Where the records below have a line with "False", that line is to be copied.

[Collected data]
--------------------------------

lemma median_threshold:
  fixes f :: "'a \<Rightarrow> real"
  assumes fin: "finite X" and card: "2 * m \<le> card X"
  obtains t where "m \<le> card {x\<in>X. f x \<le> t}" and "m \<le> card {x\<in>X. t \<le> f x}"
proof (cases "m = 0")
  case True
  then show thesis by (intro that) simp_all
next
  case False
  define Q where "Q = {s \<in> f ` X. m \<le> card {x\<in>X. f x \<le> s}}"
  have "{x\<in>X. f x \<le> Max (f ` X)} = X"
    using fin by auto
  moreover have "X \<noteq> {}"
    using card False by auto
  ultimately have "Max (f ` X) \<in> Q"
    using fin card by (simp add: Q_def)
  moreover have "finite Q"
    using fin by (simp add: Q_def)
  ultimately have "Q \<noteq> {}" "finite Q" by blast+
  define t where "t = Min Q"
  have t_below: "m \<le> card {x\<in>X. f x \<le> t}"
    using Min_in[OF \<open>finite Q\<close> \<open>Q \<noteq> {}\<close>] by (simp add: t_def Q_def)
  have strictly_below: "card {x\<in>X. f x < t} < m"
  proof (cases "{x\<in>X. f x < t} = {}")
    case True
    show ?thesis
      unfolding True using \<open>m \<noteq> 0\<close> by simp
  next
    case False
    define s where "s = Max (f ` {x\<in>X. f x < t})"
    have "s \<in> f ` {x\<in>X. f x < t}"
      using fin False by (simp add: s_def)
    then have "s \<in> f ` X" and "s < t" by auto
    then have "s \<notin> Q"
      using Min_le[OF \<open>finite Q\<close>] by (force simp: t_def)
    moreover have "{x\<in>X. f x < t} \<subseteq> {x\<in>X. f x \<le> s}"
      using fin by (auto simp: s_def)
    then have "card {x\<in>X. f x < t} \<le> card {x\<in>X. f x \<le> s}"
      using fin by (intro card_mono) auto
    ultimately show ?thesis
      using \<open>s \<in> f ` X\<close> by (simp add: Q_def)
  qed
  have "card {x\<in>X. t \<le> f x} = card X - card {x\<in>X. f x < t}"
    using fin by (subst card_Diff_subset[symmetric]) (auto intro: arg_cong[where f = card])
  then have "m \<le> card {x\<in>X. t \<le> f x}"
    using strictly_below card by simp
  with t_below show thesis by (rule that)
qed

--------------------------------

Written response:
  case False
    using card False by auto
    case False
      using fin False by (simp add: s_def)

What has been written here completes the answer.